Grantee Research Project Results
1998 Progress Report: Scaling Up Spatially Distributed Hydrologic Models of Semi-Arid Watersheds
EPA Grant Number: R824784Title: Scaling Up Spatially Distributed Hydrologic Models of Semi-Arid Watersheds
Investigators: Tarboton, David G. , Cooley, K. , Seyfried, M. , Hanson, C. L , Flerchinger, Gerald N , Neale, C.M. U. , Slaughter, C. W.
Institution: Utah State University
EPA Project Officer: Packard, Benjamin H
Project Period: October 1, 1995 through September 1, 1998 (Extended to April 30, 2000)
Project Period Covered by this Report: October 1, 1997 through September 1, 1998
Project Amount: $330,000
RFA: Water and Watersheds (1995) RFA Text | Recipients Lists
Research Category: Watersheds , Water
Objective:
The purpose of this project is to understand interacting watershed processes over a range of scales in the Reynolds Creek Experimental Watershed (RCEW) in southwest Idaho.

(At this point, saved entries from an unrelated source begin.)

lemma integral_at_top_exponential_decay:
  fixes g :: "real \<Rightarrow> 'a::banach"
  assumes cont: "continuous_on {0..} g" and k: "k > 0"
    and bound: "\<And>t. t \<ge> 0 \<Longrightarrow> norm (g t) \<le> C * exp (- k * t)"
  obtains I where "((\<lambda>b. integral {0..b} g) \<longlongrightarrow> I) at_top"
    "\<And>b. b \<ge> 0 \<Longrightarrow> norm (I - integral {0..b} g) \<le> C * exp (- k * b) / k"
proof -
  let ?G = "\<lambda>b. integral {0..b} g"
  have tail: "norm (?G b - ?G a) \<le> C * exp (- k * a) / k" if "0 \<le> a" "a \<le> b" for a b
    using cont k bound that by (rule norm_integral_diff_exponential_decay)
  have cauchy: "cauchy_filter (filtermap ?G at_top)"
    unfolding cauchy_filter_metric_filtermap
  proof (intro allI impI)
    fix e :: real
    assume "e > 0"
    have "((\<lambda>b. C * exp (- k * b) / k) \<longlongrightarrow> 0) at_top"
      using k by real_asymp
    then have "\<forall>\<^sub>F b in at_top. C * exp (- k * b) / k < e / 2"
      using \<open>e > 0\<close> by (intro order_tendstoD(2)) auto
    then have "\<forall>\<^sub>F b in at_top. b \<ge> 0 \<and> C * exp (- k * b) / k < e / 2"
      using eventually_ge_at_top[of 0] by (rule eventually_conj[rotated])
    then obtain B where B: "B \<ge> 0" "C * exp (- k * B) / k < e / 2"
      unfolding eventually_at_top_linorder by blast
    have "dist (?G x) (?G y) < e" if "x \<ge> B" "y \<ge> B" for x y
    proof -
      have "dist (?G x) (?G y) \<le> norm (?G x - ?G B) + norm (?G y - ?G B)"
        using norm_triangle_ineq4[of "?G x - ?G B" "?G y - ?G B"] by (simp add: dist_norm)
      then show ?thesis
        using tail[OF B(1) that(1)] tail[OF B(1) that(2)] B(2) by linarith
    qed
    then show "\<exists>P. eventually P at_top \<and> (\<forall>x y. P x \<and> P y \<longrightarrow> dist (?G x) (?G y) < e)"
      by (intro exI[of _ "\<lambda>b. b \<ge> B"]) (auto simp: eventually_ge_at_top)
  qed
  obtain I where "filtermap ?G at_top \<le> nhds I"
    using cauchy_filter_complete_converges[OF cauchy complete_UNIV] by (auto simp: filtermap_bot_iff)
  then have lim: "(?G \<longlongrightarrow> I) at_top"
    by (simp add: filterlim_def)
  have "norm (I - ?G b) \<le> C * exp (- k * b) / k" if "b \<ge> 0" for b
  proof (rule tendsto_upperbound)
    show "((\<lambda>c. norm (?G c - ?G b)) \<longlongrightarrow> norm (I - ?G b)) at_top"
      by (intro tendsto_intros lim)
    show "\<forall>\<^sub>F c in at_top. norm (?G c - ?G b) \<le> C * exp (- k * b) / k"
      using eventually_ge_at_top[of b] by eventually_elim (rule tail[OF that])
  qed simp
  with lim show thesis
    by (rule that)
qed

text \<open>An improper integral over \<open>[0, \<infinity>)\<close>; where the limit does not exist, \<^const>\<open>Lim\<close> gives an
  unspecified value, so all results below assume an exponential bound on \<open>f\<close>.\<close>

definition laplace :: "(real \<Rightarrow> 'a::banach) \<Rightarrow> real \<Rightarrow> 'a" where
  "laplace f lam = Lim at_top (\<lambda>b. integral {0..b} (\<lambda>t. exp (- lam * t) *\<^sub>R f t))"

lemma laplace_eqI:
  assumes "((\<lambda>b. integral {0..b} (\<lambda>t. exp (- lam * t) *\<^sub>R f t)) \<longlongrightarrow> I) at_top"
  shows "laplace f lam = I"
  unfolding laplace_def using assms by (intro tendsto_Lim) auto

lemma laplace_cong:
  assumes "\<And>t. t \<ge> 0 \<Longrightarrow> f t = g t"
  shows "laplace f lam = laplace g lam"
proof -
  have "integral {0..b} (\<lambda>t. exp (- lam * t) *\<^sub>R f t) = integral {0..b} (\<lambda>t. exp (- lam * t) *\<^sub>R g t)" for b
    using assms by (intro integral_cong) auto
  then show ?thesis
    unfolding laplace_def by simp
qed

lemma integrable_laplace_integrand:
  fixes f :: "real \<Rightarrow> 'a::banach"
  assumes "continuous_on {0..} f" "a \<ge> 0"
  shows "(\<lambda>t. exp (- lam * t) *\<^sub>R f t) integrable_on {a..b}"
proof -
  have "continuous_on {a..b} f"
    using assms by (auto intro: continuous_on_subset)
  then show ?thesis
    by (auto intro!: integrable_continuous_interval continuous_intros)
qed

context
  fixes f :: "real \<Rightarrow> 'a::banach" and C w lam :: real
  assumes cont: "continuous_on {0..} f"
    and bound: "\<And>t. t \<ge> 0 \<Longrightarrow> norm (f t) \<le> C * exp (w * t)"
    and lam: "lam > w"
begin

lemma laplace_tendsto:
  "((\<lambda>b. integral {0..b} (\<lambda>t. exp (- lam * t) *\<^sub>R f t)) \<longlongrightarrow> laplace f lam) at_top"
  and norm_laplace_minus_integral_le:
  "b \<ge> 0 \<Longrightarrow> norm (laplace f lam - integral {0..b} (\<lambda>t. exp (- lam * t) *\<^sub>R f t))
     \<le> C * exp (- (lam - w) * b) / (lam - w)"
proof -
  have decay: "norm (exp (- lam * t) *\<^sub>R f t) \<le> C * exp (- (lam - w) * t)" if "t \<ge> 0" for t
  proof -
    have "norm (exp (- lam * t) *\<^sub>R f t) \<le> exp (- lam * t) * (C * exp (w * t))"
      using bound[OF that] by (simp add: mult_left_mono)
    also have "\<dots> = C * exp (- (lam - w) * t)"
      by (simp add: algebra_simps flip: exp_add)
    finally show ?thesis .
  qed
  obtain I where I: "((\<lambda>b. integral {0..b} (\<lambda>t. exp (- lam * t) *\<^sub>R f t)) \<longlongrightarrow> I) at_top"
    "\<And>b. b \<ge> 0 \<Longrightarrow> norm (I - integral {0..b} (\<lambda>t. exp (- lam * t) *\<^sub>R f t))
      \<le> C * exp (- (lam - w) * b) / (lam - w)"
    by (rule integral_at_top_exponential_decay[OF _ _ decay])
      (use cont lam in \<open>auto intro!: continuous_intros\<close>)
  moreover have "laplace f lam = I"
    using I(1) by (rule laplace_eqI)
  ultimately show "((\<lambda>b. integral {0..b} (\<lambda>t. exp (- lam * t) *\<^sub>R f t)) \<longlongrightarrow> laplace f lam) at_top"
    "b \<ge> 0 \<Longrightarrow> norm (laplace f lam - integral {0..b} (\<lambda>t. exp (- lam * t) *\<^sub>R f t))
      \<le> C * exp (- (lam - w) * b) / (lam - w)"
    by simp_all
qed

lemma norm_laplace_le: "norm (laplace f lam) \<le> C / (lam - w)"
  using norm_laplace_minus_integral_le[of 0] by simp

lemma laplace_bounded_linear_image:
  assumes "bounded_linear g"
  shows "laplace (\<lambda>t. g (f t)) lam = g (laplace f lam)"
proof (rule laplace_eqI)
  have "integral {0..b} (\<lambda>t. exp (- lam * t) *\<^sub>R g (f t)) = g (integral {0..b} (\<lambda>t. exp (- lam * t) *\<^sub>R f t))"
    for b
    using integral_linear[OF integrable_laplace_integrand[OF cont order_refl] assms]
    by (simp add: o_def linear_scale bounded_linear.linear[OF assms])
  then show "((\<lambda>b. integral {0..b} (\<lambda>t. exp (- lam * t) *\<^sub>R g (f t))) \<longlongrightarrow> g (laplace f lam)) at_top"
    using bounded_linear.tendsto[OF assms laplace_tendsto] by simp
qed
(* Let $\mathcal{M}=(E,\rho)$ be a $q$-matroid with $\dim E\ge 2$. The following are equivalent: (i) $\mathcal{M}$ is irreducible; (ii) $\mathcal{M}$ is full and there do not exist nonzero subspaces $Z_1,Z_2\in\mathcal{Z}(\mathcal{M})$ such that $E=Z_1\oplus Z_2$ (i.e. $Z_1+Z_2=E$ and $Z_1\cap Z_2=0$), $\rho(Z_1)+\rho(Z_2)=\rho(E)$, and $\{Y_1\oplus Y_2\mid Y_1\in\mathcal{Z}_1,\ Y_2\in\mathcal{Z}_2\}=\mathcal{Z}(\mathcal{M})$, where $\mathcal{Z}_i=\{Z\in\mathcal{Z}(\mathcal{M})\mid Z\le Z_i\}$.
   Context: Let $\mathbb{F}=\mathbb{F}_q$. For a finite-dimensional $\mathbb{F}$-vector space $E$, $\mathcal{L}(E)$ is its subspace lattice. A $q$-matroid is $\mathcal{M}=(E,\rho)$ with $\rho:\mathcal{L}(E)\to\mathbb{Z}_{\ge0}$ satisfying $0\le\rho(V)\le\dim V$, monotonicity, and submodularity $\rho(V+W)+\rho(V\cap W)\le\rho(V)+\rho(W)$. A flat is $F$ with $\rho(F+\langle x\rangle)>\rho(F)$ for all $x\notin F$. The closure is $\mathrm{cl}(V)=\sum\{\langle x\rangle : x\in E,\ \rho(V+\langle x\rangle)=\rho(V)\}$. The cyclic core is $\mathrm{cyc}(V)=\{x\in V\mid\rho(W)=\rho(V)\text{ for all }W\le V\text{ with }W+\langle x\rangle=V\}$; $V$ is cyclic if $\mathrm{cyc}(V)=V$; $\mathcal{Z}(\mathcal{M})$ is the set of cyclic flats. $\mathcal{M}$ is full if $\mathrm{cl}(0)=0$ and $\mathrm{cyc}(E)=E$. Direct sum: for $q$-matroids $\mathcal{M}_i=(E_i,\rho_i)$ and $E=E_1\oplus E_2$ with projections $\pi_i$, $\mathcal{M}_1\oplus\mathcal{M}_2=(E,\rho)$ with $\rho(V)=\dim V+\min_{X\le V}(\rho_1(\pi_1(X))+\rho_2(\pi_2(X))-\dim X)$; we write $\mathcal{M}=\mathcal{M}_1\oplus\mathcal{M}_2$ when $E$ is the internal direct sum of subspaces $E_1,E_2$ and the rank function of $\mathcal{M}$ equals this one. $\mathcal{M}$ is reducible if $\mathcal{M}=\mathcal{M}_1\oplus\mathcal{M}_2$ for some $q$-matroids $\mathcal{M}_1,\mathcal{M}_2$ with nonzero ground spaces, and irreducible otherwise. *)

theory Defs
  imports "HOL-Analysis.Cartesian_Space"
begin
text \<open>For \<open>\<parallel>B\<parallel> \<le> \<beta> < 1\<close>, the operator \<open>(I - B)\<^sup>1\<^sup>/\<^sup>2 = I - Y\<close> is found as the fixed point \<open>Y\<close>
  of \<open>Y \<mapsto> (B + Y\<^sup>2) / 2\<close>, a contraction on the operators of norm at most
  \<open>\<rho> = 1 - (1 - \<beta>)\<^sup>1\<^sup>/\<^sup>2\<close> in the bicommutant of \<open>B\<close> (which commute with each other).\<close>

definition sqrt_step :: "('a::chilbert_space \<Rightarrow> 'a) \<Rightarrow> ('a \<Rightarrow>\<^sub>L 'a) \<Rightarrow> ('a \<Rightarrow>\<^sub>L 'a)" where
  "sqrt_step B Y = Blinfun (\<lambda>x. (1/2) *\<^sub>R (B x + Y (Y x)))"

definition sqrt_domain :: "('a::chilbert_space \<Rightarrow> 'a) \<Rightarrow> real \<Rightarrow> ('a \<Rightarrow>\<^sub>L 'a) set" where
  "sqrt_domain B \<rho> = {Y. norm Y \<le> \<rho> \<and> clinear_op (blinfun_apply Y) \<and> blinfun_apply Y \<in> bicommutant B}"

lemma bounded_op_blinfun_apply: "clinear_op (blinfun_apply Y) \<Longrightarrow> bounded_op (blinfun_apply Y)"
  by (rule bounded_op_intro[where K="norm Y"]) (auto simp: clinear_op_def blinfun.add_right norm_blinfun)

lemma Blinfun_bounded_op: "bounded_op f \<Longrightarrow> blinfun_apply (Blinfun f) = f"
  by (rule bounded_linear_Blinfun_apply[OF bounded_op_bounded_linear])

The project is a collaborative hydrologic modeling and measurement project involving Utah State University and the USDA Agricultural Research Service Northwest Watershed Research Center. The approach consists of the development of a spatially distributed modeling framework that accounts for spatial variability in topography, vegetation, and soils to facilitate physically realistic spatial integration of the complete water balance at a range of scales.Progress Summary:
Work this year has consisted of data analysis and model development. The modeling framework being developed includes components to represent snow drifting and melt, infiltration, runoff generation, and evapotranspiration. Each component is tested individually against measurements, as well as when assembled together against integrated and patterns of spatially distributed measurements. Methods to extend the physical models that so far have been well tested at small to larger scales also are being developed. In this respect, a new approach has been developed for the parameterization of the subgrid variability of snow, based upon depletion curves that relate snow water equivalence and snow-covered area. This extends the Utah Energy Balance (UEB) snow accumulation and melt model allowing it to be applied over larger areas, with larger model elements.The distributed modeling includes the comparison of approaches at multiple scales and levels of detail. These consist of explicitly distributed hydrologic modeling at each grid cell derived from a digital elevation data, lumped modeling, using the National Weather Service model, and semidistributed modeling using an adaptation of TOPMODEL, applied to subwatersheds within the study area. The explicitly distributed hydrologic model uses radiation as input at each grid cell, computed from topography. Surface runoff is generated by infiltration-excess or saturation-excess mechanisms. Subsurface flow is modeled using a one-dimensional unsaturated flow model, with lateral subsurface flow computed based upon either topographic slope or hydraulic gradient. Evapotranspiration is modeled using a sparse canopy energy balance model. The adaptation of TOPMODEL includes the Utah Energy Balance snowmelt model, with the new subgrid parameterization for snow variability based upon depletion curves, mentioned earlier.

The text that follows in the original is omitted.